O núcleo da história gira em torno de Bartlebooth, um milionário excêntrico que dedica sua vida a um projeto obsessivo. Ele decide viajar pelo mundo por 20 anos, pintando 500 aquarelas de paisagens costeiras. Depois, retorna a Paris para transformá-las em quebra-cabeças, montá-los e, finalmente, destruí-los com o objetivo de apagar qualquer vestígio de sua existência. Esse ciclo, que deveria ser perfeito, acaba sendo interrompido por falhas e imprevistos.
Além de Bartlebooth, o romance apresenta uma galeria de personagens peculiares, como o artista maldito Valène, o enigmático síndico Altamont e a empregada que testemunha os segredos dos moradores. Cada um deles possui uma trajetória única, marcada por amores frustrados, crimes ocultos, jogos de poder e pequenos gestos cotidianos que revelam a complexidade da vida humana.
A narrativa é profundamente influenciada pelo conceito de “romance total”, onde Perec mistura diferentes estilos, gêneros e registros textuais. Ele insere listas detalhadas de objetos, descrições arquitetônicas minuciosas e referências culturais diversas, criando um universo denso e multifacetado. O leitor é constantemente desafiado a montar as peças da história e a perceber as conexões ocultas entre os elementos do livro.
Outro aspecto essencial é a presença do tempo como um personagem invisível. Enquanto as paredes do prédio registram a passagem das gerações, as histórias dos moradores se entrelaçam, formando um mosaico narrativo que reflete a efemeridade da existência. O título da obra sugere um manual de instruções para a vida, mas Perec subverte essa ideia ao mostrar que o cotidiano é imprevisível e caótico.

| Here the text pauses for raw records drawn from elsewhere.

lemma clamp_prefix_sum_bound_of_upper:
  fixes f :: "nat \<Rightarrow> real"
  assumes "suffix_sums_bounded m l1 l2 f" and zero: "(\<Sum>i=1..m. clamp l1 \<theta> (f i)) = 0"
    and "0 \<le> l1" and "k \<le> m" and "\<forall>i\<in>{k+1..m}. f i + l1 \<le> \<theta>"
  shows "(\<Sum>i=1..k. clamp l1 \<theta> (f i)) \<le> l2 * real k * (real m - real k)"
proof (cases "k = m")
  case False
  have "(\<Sum>i=1..k. clamp l1 \<theta> (f i)) = - (\<Sum>i=k+1..m. clamp l1 \<theta> (f i))"
    using zero sum_atLeast1_split[OF assms(4), of "\<lambda>i. clamp l1 \<theta> (f i)"] by simp
  moreover have "(\<Sum>i=k+1..m. clamp l1 \<theta> (f i)) = (\<Sum>i=k+1..m. f i + l1)"
    using assms(3,5) by (intro sum.cong) (auto simp: clamp_eq_upper)
  moreover have "(\<Sum>i=k+1..m. f i) \<ge> - l1 * real (m - k) - l2 * real k * real (m - k)"
    using assms(1,4) False unfolding suffix_sums_bounded_def by simp
  ultimately show ?thesis
    using assms(4) by (simp add: sum.distrib of_nat_diff algebra_simps)
qed (use zero in simp)

lemma clamp_prefix_sum_bound:
  fixes f :: "nat \<Rightarrow> real"
  assumes anti: "antimono_on {1..m} f" and "0 \<le> l1" and "0 \<le> l2"
    and pre: "prefix_sums_bounded m l1 l2 f" and suf: "suffix_sums_bounded m l1 l2 f"
    and zero: "(\<Sum>i=1..m. clamp l1 \<theta> (f i)) = 0" and "k \<le> m"
  shows "(\<Sum>i=1..k. clamp l1 \<theta> (f i)) \<le> l2 * real k * (real m - real k)"
proof -
  define g where "g i = clamp l1 \<theta> (f i)" for i
  have f_anti: "f j \<le> f i" if "1 \<le> i" "i \<le> j" "j \<le> m" for i j
    using monotone_onD[OF anti, of i j] that by simp
  obtain p where p: "p \<le> m" "\<And>i. 1 \<le> i \<Longrightarrow> i \<le> m \<Longrightarrow> \<theta> \<le> f i - l1 \<longleftrightarrow> i \<le> p"
    by (rule downclosed_initial_segment[of m "\<lambda>i. \<theta> \<le> f i - l1"]) (use f_anti in force)+
  obtain q where q: "q \<le> m" "\<And>i. 1 \<le> i \<Longrightarrow> i \<le> m \<Longrightarrow> \<theta> < f i + l1 \<longleftrightarrow> i \<le> q"
    by (rule downclosed_initial_segment[of m "\<lambda>i. \<theta> < f i + l1"]) (use f_anti in force)+
  have lower: "(\<Sum>i=1..k. g i) \<le> l2 * real k * (real m - real k)" if "k \<le> p" for k
    using clamp_prefix_sum_bound_of_lower[OF pre] p that by (simp add: g_def)
  have upper: "(\<Sum>i=1..k. g i) \<le> l2 * real k * (real m - real k)" if "q \<le> k" "k \<le> m" for k
  proof -
    have "f i + l1 \<le> \<theta>" if "k < i" "i \<le> m" for i
      using q(2)[of i] that \<open>q \<le> k\<close> by linarith
    then show ?thesis
      using clamp_prefix_sum_bound_of_upper[OF suf zero \<open>0 \<le> l1\<close> \<open>k \<le> m\<close>] by (simp add: g_def)
  qed
  consider "k \<le> p" | "q \<le> k" | "p < k" "k < q" by linarith
  then show ?thesis
  proof cases
    case 3
    have flat: "g i = \<theta>" if "p < i" "i \<le> q" for i
    proof -
      have "\<not> \<theta> \<le> f i - l1" "\<theta> < f i + l1"
        using p(2)[of i] q(2)[of i] that \<open>q \<le> m\<close> by auto
      then show ?thesis by (simp add: g_def clamp_eq_threshold)
    qed
    have constant_run: "(\<Sum>i=a+1..b. g i) = (real b - real a) * \<theta>"
      if "p \<le> a" "a \<le> b" "b \<le> q" for a b
    proof -
      have "(\<Sum>i=a+1..b. g i) = (\<Sum>i=a+1..b. \<theta>)"
        using flat that by (intro sum.cong refl) auto
      then show ?thesis using that(2) by (simp add: of_nat_diff)
    qed
    have "sum g {1..k} = sum g {1..p} + (real k - real p) * \<theta>"
      using sum_atLeast1_split[of p k g] constant_run[of p k] 3 by simp
    moreover have "sum g {1..q} = sum g {1..k} + (real q - real k) * \<theta>"
      using sum_atLeast1_split[of k q g] constant_run[of k q] 3 by simp
    ultimately show ?thesis
      using 3 lower[of p] upper[of q] \<open>q \<le> m\<close> \<open>0 \<le> l2\<close>
        concave_bound_interpolate[of "real p" "real k" "real q" l2]
      by (simp add: g_def)
  qed (use lower upper \<open>k \<le> m\<close> in \<open>simp_all add: g_def\<close>)
qed

text \<open>Read \<open>G\<close> as a prefix sum of \<open>k\<close> terms of a decreasing zero-sum sequence and
  \<open>gmin\<close> as its last term, with \<open>a\<close> terms after the prefix.\<close>
lemma prefix_add_min_tail_le:
  fixes a k l G gmin :: real
  assumes "1 \<le> a" and "a * gmin \<le> - G" and "G \<le> l * k * a" and "0 \<le> l" and "0 \<le> k"
  shows "G + gmin \<le> l * (k + 1) * (a - 1)"
proof -
  have "a * (G + gmin) \<le> (a - 1) * G"
    using assms(2) by (simp add: algebra_simps)
  also have "\<dots> \<le> (a - 1) * (l * k * a)"
    using assms(1,3) by (intro mult_left_mono) auto
  finally have "a * (G + gmin) \<le> a * (l * k * (a - 1))"
    by (simp add: algebra_simps)
  then have "G + gmin \<le> l * k * (a - 1)"
    using assms(1) by (simp add: mult_le_cancel_left_pos)
  also have "\<dots> \<le> l * (k + 1) * (a - 1)"
    using assms(1,4) by (intro mult_right_mono mult_left_mono) auto
  finally show ?thesis .
qed

lemma zero_sum_restrict_sums_bounded:
  fixes g :: "nat \<Rightarrow> real"
  assumes anti: "antimono_on {1..Suc n} g" and "0 \<le> l"
    and zero: "(\<Sum>i=1..Suc n. g i) = 0"
    and bound: "\<And>k. k \<le> Suc n \<Longrightarrow> (\<Sum>i=1..k. g i) \<le> l * real k * (real (Suc n) - real k)"
  shows "prefix_sums_bounded n l l g" and "suffix_sums_bounded n l l g"
proof -
  show "prefix_sums_bounded n l l g"
    unfolding prefix_sums_bounded_def
  proof
    fix k assume "k \<in> {1..n}"
    then show "(\<Sum>j=1..k. g j) \<le> l * real k + l * real k * real (n - k)"
      using bound[of k] by (simp add: of_nat_diff algebra_simps)
  qed
  show "suffix_sums_bounded n l l g"
    unfolding suffix_sums_bounded_def
  proof (intro allI impI)
    fix k assume "k < n"
    define G where "G = (\<Sum>i=1..k. g i)"
    have tail: "(\<Sum>i=k+1..Suc n. g i) = - G"
      using zero sum_atLeast1_split[of k "Suc n" g] \<open>k < n\<close> by (simp add: G_def)
    have "real (card {k+1..Suc n}) * g (Suc n) \<le> (\<Sum>i=k+1..Suc n. g i)"
      using monotone_onD[OF anti, of _ "Suc n"] by (intro sum_bounded_below) simp
    then have "real (Suc n - k) * g (Suc n) \<le> - G"
      using tail by simp
    moreover have "G \<le> l * real k * real (Suc n - k)"
      using bound[of k] \<open>k < n\<close> by (simp add: G_def of_nat_diff)
    ultimately have "G + g (Suc n) \<le> l * (real k + 1) * (real (Suc n - k) - 1)"
      using \<open>k < n\<close> \<open>0 \<le> l\<close> by (intro prefix_add_min_tail_le) auto
    moreover have "(\<Sum>j=k+1..n. g j) = - G - g (Suc n)"
      using tail \<open>k < n\<close> by simp
    ultimately show "(\<Sum>j=k+1..n. g j) \<ge> - l * real (n - k) - l * real k * real (n - k)"
      using \<open>k < n\<close> by (simp add: of_nat_diff algebra_simps)
  qed
qed

lemma flow_feasible_extend:
  assumes "flow_feasible n l2 l2 g" and zero: "(\<Sum>i=1..Suc n. g i) = 0"
    and close: "\<forall>i\<in>{1..Suc n}. \<bar>g i - f i\<bar> \<le> l1"
  shows "flow_feasible (Suc n) l1 l2 f"
proof -
  obtain s0 s where s0: "\<forall>i\<in>{1..n}. s0 i \<in> {-l2..l2}"
    and s: "\<forall>i\<in>{1..n}. \<forall>j\<in>{1..n}. i \<noteq> j \<longrightarrow> s i j \<in> {-l2..l2} \<and> s i j = - s j i"
    and balance: "\<forall>i\<in>{1..n}. g i + s0 i + (\<Sum>j\<in>{1..n} - {i}. s i j) = 0"
    using assms(1) unfolding flow_feasible_def by blast
  define t0 where "t0 i = g i - f i" for i
  define t where "t i j = (if i \<le> n \<and> j \<le> n then s i j else if j = Suc n then s0 i else - s0 j)" for i j
  have "t0 i \<in> {-l1..l1}" if "i \<in> {1..Suc n}" for i
  proof -
    have "\<bar>g i - f i\<bar> \<le> l1" using close that by blast
    then show ?thesis by (auto simp: t0_def abs_le_iff)
  qed
  moreover have "t i j \<in> {-l2..l2} \<and> t i j = - t j i"
    if ij: "i \<in> {1..Suc n}" "j \<in> {1..Suc n}" "i \<noteq> j" for i j
  proof (cases "i = Suc n")
    case True
    then have j: "j \<in> {1..n}" using ij by auto
    then have "t i j = - s0 j" "t j i = s0 j" using True by (simp_all add: t_def)
    moreover have "s0 j \<in> {-l2..l2}" using s0 j by blast
    ultimately show ?thesis by simp
  next
    case False
    then have i: "i \<in> {1..n}" using ij(1) by auto
    show ?thesis
    proof (cases "j = Suc n")
      case True
      then have "t i j = s0 i" "t j i = - s0 i" using i by (simp_all add: t_def)
      moreover have "s0 i \<in> {-l2..l2}" using s0 i by blast
      ultimately show ?thesis by simp
    next
      case False
      then have j: "j \<in> {1..n}" using ij(2) by auto
      then have t_eq: "t i j = s i j" "t j i = s j i" using i by (simp_all add: t_def)
      have "s i j \<in> {-l2..l2} \<and> s i j = - s j i" using s i j ij(3) by blast
      then show ?thesis unfolding t_eq .
    qed
  qed
  moreover have "f i + t0 i + (\<Sum>j\<in>{1..Suc n} - {i}. t i j) = 0" if i: "i \<in> {1..Suc n}" for i
  proof (cases "i = Suc n")
    case False
    then have "i \<in> {1..n}" using i by auto
    moreover have "{1..Suc n} - {i} = insert (Suc n) ({1..n} - {i})" using False by auto
    ultimately have "(\<Sum>j\<in>{1..Suc n} - {i}. t i j) = s0 i + (\<Sum>j\<in>{1..n} - {i}. s i j)"
      by (simp add: t_def)
    moreover have "g i + s0 i + (\<Sum>j\<in>{1..n} - {i}. s i j) = 0"
      using balance \<open>i \<in> {1..n}\<close> by blast
    ultimately show ?thesis by (simp add: t0_def)
  next
    case True
    have "(\<Sum>j\<in>{1..Suc n} - {i}. t i j) = (\<Sum>j=1..n. - s0 j)"
      using True by (intro sum.cong) (auto simp: t_def)
    also have "\<dots> = (\<Sum>j=1..n. g j + (\<Sum>l\<in>{1..n} - {j}. s j l))"
    proof (rule sum.cong[OF refl])
      fix j assume "j \<in> {1..n}"
      then have "g j + s0 j + (\<Sum>l\<in>{1..n} - {j}. s j l) = 0" using balance by blast
      then show "- s0 j = g j + (\<Sum>l\<in>{1..n} - {j}. s j l)" by linarith
    qed
    also have "\<dots> = (\<Sum>j=1..n. g j)"
    proof -
      have "(\<Sum>j=1..n. \<Sum>l\<in>{1..n} - {j}. s j l) = 0"
        using s by (intro sum_offdiag_antisym_eq_0 finite_atLeastAtMost) blast
      then show ?thesis by (simp add: sum.distrib)
    qed
    also have "\<dots> = - g (Suc n)"
      using zero by simp
    finally show ?thesis using True by (simp add: t0_def)
  qed
  ultimately show ?thesis
    unfolding flow_feasible_def by blast
qed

A última peça do quebra-cabeça nunca é colocada no lugar. O romance se encerra com um mistério, deixando lacunas que exigem a participação ativa do leitor. Essa característica faz de “A Vida Modo de Usar” uma experiência literária única, que desafia as convenções narrativas e convida à reflexão sobre a arte, a memória e a passagem do tempo.